Saved entries:
◇ ◇ ◇ ◇

(* Let $D=(E,\mathcal F)$ be a delta-matroid and let $X$ be a subset of $E$ that is not feasible, i.e. $X\notin\mathcal F$. Let $\mathcal B$ be the collection of all sets $Y\subseteq E$ such that $X\triangle Y\in\mathcal F$ and $|Y|$ is minimum among all subsets $Y'\subseteq E$ with $X\triangle Y'\in\mathcal F$. Then $\mathcal B$ is the collection of bases of a matroid with ground set $E$.
   Context: A delta-matroid $(E,\mathcal F)$ consists of a finite ground set $E$ and a non-empty collection $\mathcal F$ of subsets of $E$ (the feasible sets) satisfying the symmetric exchange axiom: for all $X,Y\in\mathcal F$ and every $e\in X\triangle Y$ there exists $f\in X\triangle Y$ (possibly $f=e$) with $X\triangle\{e,f\}\in\mathcal F$. *)

theory Defs
  imports Main
begin

definition symdiff :: "'a set \<Rightarrow> 'a set \<Rightarrow> 'a set" (infixl "\<triangle>" 70) where
  "A \<triangle> B = (A - B) \<union> (B - A)"

definition delta_matroid :: "'a set \<Rightarrow> 'a set set \<Rightarrow> bool" where
  "delta_matroid E F \<longleftrightarrow> finite E \<and> F \<noteq> {} \<and> (\<forall>X\<in>F. X \<subseteq> E) \<and>
     (\<forall>X\<in>F. \<forall>Y\<in>F. \<forall>e\<in>X \<triangle> Y. \<exists>f\<in>X \<triangle> Y. X \<triangle> {e, f} \<in> F)"

definition matroid_bases :: "'a set \<Rightarrow> 'a set set \<Rightarrow> bool" where
  "matroid_bases E \<B> \<longleftrightarrow> finite E \<and> \<B> \<noteq> {} \<and> (\<forall>B\<in>\<B>. B \<subseteq> E) \<and>
     (\<forall>B1\<in>\<B>. \<forall>B2\<in>\<B>. \<forall>x\<in>B1 - B2. \<exists>y\<in>B2 - B1. insert y (B1 - {x}) \<in> \<B>)"

end

theory Submission
  imports Defs
begin

text \<open>Twisting by \<open>X\<close> preserves the symmetric exchange axiom, because
  \<open>(X \<triangle> A) \<triangle> (X \<triangle> B) = A \<triangle> B\<close>. So it suffices to show that the feasible sets of minimum
  cardinality of any delta-matroid form the bases of a matroid. If \<open>B\<^sub>1, B\<^sub>2\<close> are such
  sets and \<open>x \<in> B\<^sub>1 - B\<^sub>2\<close>, symmetric exchange yields \<open>f\<close> with \<open>B\<^sub>1 \<triangle> {x, f}\<close> feasible;
  minimality rules out \<open>f \<in> B\<^sub>1\<close>, so \<open>f \<in> B\<^sub>2 - B\<^sub>1\<close> and \<open>B\<^sub>1 \<triangle> {x, f} = insert f (B\<^sub>1 - {x})\<close>
  is again of minimum cardinality.\<close>

lemma symdiff_symdiff_cancel: "X \<triangle> (X \<triangle> Y) = Y"
  unfolding symdiff_def by auto

lemma symdiff_symdiff_left_cancel: "(X \<triangle> A) \<triangle> (X \<triangle> B) = A \<triangle> B"
  unfolding symdiff_def by auto

lemma symdiff_assoc: "(X \<triangle> Y) \<triangle> Z = X \<triangle> (Y \<triangle> Z)"
  unfolding symdiff_def by auto

lemma symdiff_subset: "A \<subseteq> E \<Longrightarrow> B \<subseteq> E \<Longrightarrow> A \<triangle> B \<subseteq> E"
  unfolding symdiff_def by auto

definition twist :: "'a set \<Rightarrow> 'a set set \<Rightarrow> 'a set set" where
  "twist X F = (\<lambda>Z. X \<triangle> Z) ` F"

definition min_card_sets :: "'a set set \<Rightarrow> 'a set set" where
  "min_card_sets F = {Y \<in> F. \<forall>Y'\<in>F. card Y \<le> card Y'}"

lemma mem_twist_iff:
  assumes "X \<subseteq> E" and "\<forall>Z\<in>F. Z \<subseteq> E"
  shows "Y \<in> twist X F \<longleftrightarrow> Y \<subseteq> E \<and> X \<triangle> Y \<in> F"
proof
  assume "Y \<in> twist X F"
  then obtain Z where "Z \<in> F" "Y = X \<triangle> Z"
    by (auto simp: twist_def)
  then show "Y \<subseteq> E \<and> X \<triangle> Y \<in> F"
    using assms by (simp add: symdiff_symdiff_cancel symdiff_subset)
next
  assume "Y \<subseteq> E \<and> X \<triangle> Y \<in> F"
  then show "Y \<in> twist X F"
    unfolding twist_def using symdiff_symdiff_cancel[of X Y] by (metis image_eqI)
qed

lemma delta_matroid_twist:
  assumes "delta_matroid E F" and "X \<subseteq> E"
  shows "delta_matroid E (twist X F)"
  unfolding delta_matroid_def
proof (intro conjI ballI)
  have exchange: "\<forall>Z\<^sub>1\<in>F. \<forall>Z\<^sub>2\<in>F. \<forall>e\<in>Z\<^sub>1 \<triangle> Z\<^sub>2. \<exists>f\<in>Z\<^sub>1 \<triangle> Z\<^sub>2. Z\<^sub>1 \<triangle> {e, f} \<in> F"
    using assms(1) unfolding delta_matroid_def by blast
  show "finite E" "twist X F \<noteq> {}"
    using assms(1) by (auto simp: delta_matroid_def twist_def)
  show "Z \<subseteq> E" if "Z \<in> twist X F" for Z
    using that assms mem_twist_iff[of X E F Z] by (simp add: delta_matroid_def)
  fix Y\<^sub>1 Y\<^sub>2 e
  assume "Y\<^sub>1 \<in> twist X F" "Y\<^sub>2 \<in> twist X F" and e: "e \<in> Y\<^sub>1 \<triangle> Y\<^sub>2"
  then obtain Z\<^sub>1 Z\<^sub>2 where Z: "Z\<^sub>1 \<in> F" "Z\<^sub>2 \<in> F" and Y: "Y\<^sub>1 = X \<triangle> Z\<^sub>1" "Y\<^sub>2 = X \<triangle> Z\<^sub>2"
    by (auto simp: twist_def)
  have "e \<in> Z\<^sub>1 \<triangle> Z\<^sub>2"
    using e by (simp add: Y symdiff_symdiff_left_cancel)
  then obtain f where "f \<in> Z\<^sub>1 \<triangle> Z\<^sub>2" and "Z\<^sub>1 \<triangle> {e, f} \<in> F"
    using exchange Z by blast
  moreover have "Y\<^sub>1 \<triangle> Y\<^sub>2 = Z\<^sub>1 \<triangle> Z\<^sub>2"
    by (simp only: Y symdiff_symdiff_left_cancel)
  moreover have "Y\<^sub>1 \<triangle> {e, f} = X \<triangle> (Z\<^sub>1 \<triangle> {e, f})"
    by (simp only: Y symdiff_assoc)
  ultimately show "\<exists>f\<in>Y\<^sub>1 \<triangle> Y\<^sub>2. Y\<^sub>1 \<triangle> {e, f} \<in> twist X F"
    by (auto simp: twist_def)
qed

lemma min_card_sets_nonempty:
  assumes "F \<noteq> {}"
  shows "min_card_sets F \<noteq> {}"
proof -
  obtain Z where "Z \<in> F"
    using assms by blast
  then obtain Y where "Y \<in> F" "\<forall>Y'. Y' \<in> F \<longrightarrow> card Y \<le> card Y'"
    using ex_has_least_nat[where P = "\<lambda>Y. Y \<in> F" and m = card] by blast
  then show ?thesis
    by (auto simp: min_card_sets_def)
qed

lemma min_card_sets_exchange:
  assumes "delta_matroid E F"
    and B\<^sub>1: "B\<^sub>1 \<in> min_card_sets F" and B\<^sub>2: "B\<^sub>2 \<in> min_card_sets F"
    and x: "x \<in> B\<^sub>1 - B\<^sub>2"
  shows "\<exists>y\<in>B\<^sub>2 - B\<^sub>1. insert y (B\<^sub>1 - {x}) \<in> min_card_sets F"
proof -
  have "finite E" and FE: "\<forall>Z\<in>F. Z \<subseteq> E"
    and exchange: "\<forall>Z\<^sub>1\<in>F. \<forall>Z\<^sub>2\<in>F. \<forall>e\<in>Z\<^sub>1 \<triangle> Z\<^sub>2. \<exists>f\<in>Z\<^sub>1 \<triangle> Z\<^sub>2. Z\<^sub>1 \<triangle> {e, f} \<in> F"
    using assms(1) unfolding delta_matroid_def by blast+
  have "B\<^sub>1 \<in> F" "B\<^sub>2 \<in> F" and min: "\<forall>Y'\<in>F. card B\<^sub>1 \<le> card Y'"
    using B\<^sub>1 B\<^sub>2 by (auto simp: min_card_sets_def)
  have "finite B\<^sub>1"
    using \<open>B\<^sub>1 \<in> F\<close> FE \<open>finite E\<close> finite_subset by blast
  have "x \<in> B\<^sub>1 \<triangle> B\<^sub>2"
    using x by (auto simp: symdiff_def)
  then obtain f where f: "f \<in> B\<^sub>1 \<triangle> B\<^sub>2" and feasible: "B\<^sub>1 \<triangle> {x, f} \<in> F"
    using exchange \<open>B\<^sub>1 \<in> F\<close> \<open>B\<^sub>2 \<in> F\<close> by blast
  have "f \<notin> B\<^sub>1"
  proof
    assume "f \<in> B\<^sub>1"
    then have "B\<^sub>1 \<triangle> {x, f} = B\<^sub>1 - {x, f}"
      using x by (auto simp: symdiff_def)
    moreover have "card (B\<^sub>1 - {x, f}) < card B\<^sub>1"
      using \<open>finite B\<^sub>1\<close> x by (intro psubset_card_mono) blast+
    ultimately show False
      using min feasible by fastforce
  qed
  then have "f \<in> B\<^sub>2 - B\<^sub>1"
    using f by (auto simp: symdiff_def)
  have exchanged: "B\<^sub>1 \<triangle> {x, f} = insert f (B\<^sub>1 - {x})"
    using x \<open>f \<notin> B\<^sub>1\<close> by (auto simp: symdiff_def)
  have "card (insert f (B\<^sub>1 - {x})) = card B\<^sub>1"
    using \<open>finite B\<^sub>1\<close> \<open>f \<notin> B\<^sub>1\<close> x
    by (metis DiffE card_Suc_Diff1 card_insert_disjoint finite_Diff)
  then have "insert f (B\<^sub>1 - {x}) \<in> min_card_sets F"
    using feasible min by (simp add: exchanged min_card_sets_def)
  with \<open>f \<in> B\<^sub>2 - B\<^sub>1\<close> show ?thesis
    by blast
qed

theorem matroid_bases_min_card_sets:
  assumes "delta_matroid E F"
  shows "matroid_bases E (min_card_sets F)"
  unfolding matroid_bases_def
proof (intro conjI ballI)
  show "finite E" "min_card_sets F \<noteq> {}"
    using assms by (simp_all add: delta_matroid_def min_card_sets_nonempty)
  show "B \<subseteq> E" if "B \<in> min_card_sets F" for B
    using that assms by (simp add: delta_matroid_def min_card_sets_def)
  show "\<exists>y\<in>B\<^sub>2 - B\<^sub>1. insert y (B\<^sub>1 - {x}) \<in> min_card_sets F"
    if "B\<^sub>1 \<in> min_card_sets F" "B\<^sub>2 \<in> min_card_sets F" "x \<in> B\<^sub>1 - B\<^sub>2" for B\<^sub>1 B\<^sub>2 x
    using min_card_sets_exchange[OF assms that] .
qed

theorem lemma4p3:
  fixes E :: "'a set" and F :: "'a set set" and X :: "'a set"
  assumes "delta_matroid E F"
    and "X \<subseteq> E"
    and "X \<notin> F"
  shows "matroid_bases E
           {Y. Y \<subseteq> E \<and> X \<triangle> Y \<in> F \<and>
               (\<forall>Y'. Y' \<subseteq> E \<and> X \<triangle> Y' \<in> F \<longrightarrow> card Y \<le> card Y')}"
proof -
  have "\<forall>Z\<in>F. Z \<subseteq> E"
    using assms(1) by (simp add: delta_matroid_def)
  then have "{Y. Y \<subseteq> E \<and> X \<triangle> Y \<in> F \<and>
               (\<forall>Y'. Y' \<subseteq> E \<and> X \<triangle> Y' \<in> F \<longrightarrow> card Y \<le> card Y')}
             = min_card_sets (twist X F)"
    using mem_twist_iff[OF assms(2)] by (auto simp: min_card_sets_def)
  then show ?thesis
    using matroid_bases_min_card_sets[OF delta_matroid_twist[OF assms(1,2)]] by simp
qed

end
theorem proposition3p5:
  fixes k n :: nat
  assumes "k \<ge> 1" and "n \<ge> 1"
  defines "A \<equiv> {1 - 1 / 3 ^ (k - 1) + (2 * real i - 1) / (2 * real n) * (1 / 3 ^ k) | i. 1 \<le> i \<and> i \<le> n}"
  shows "optimal_n_means (cond_measure Pm (Jset k)) n A
       \<and> (\<forall>\<beta>. optimal_n_means (cond_measure Pm (Jset k)) n \<beta> \<longrightarrow> \<beta> = A)
       \<and> Verr Pm A (Jset k) = ennreal (1 / real n ^ 2 * (1 / 12) * (1 / 18 ^ k))
       \<and> (\<forall>\<alpha>1. optimal_n_means (cond_measure Pm (Jtail k)) 1 \<alpha>1 \<longrightarrow>
            Verr Pm \<alpha>1 (Jtail k) = ennreal (25 / 204 * (1 / 18 ^ k)))"
proof -
  have A: "A = midpoints n (1 - 1 / 3 ^ (k - 1)) (1 - 2 / 3 ^ k)"
    unfolding midpoints_def Jset_length[OF assms(1)] A_def ..
  show ?thesis
    unfolding A
    using optimal_n_means_cond_Pm_Jset_iff[OF assms(1,2)] Verr_Pm_Jset_midpoints[OF assms(1,2)]
      optimal_one_mean_cond_Pm_Jtail_iff
    by (simp add: Verr_Pm_Jtail_singleton power_one_over)
qed

end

◇ ◇ ◇ ◇

* [Your objective]
Answer with the count alone: how many lines in the data above have "metis" in them?

* [Exercise result]
2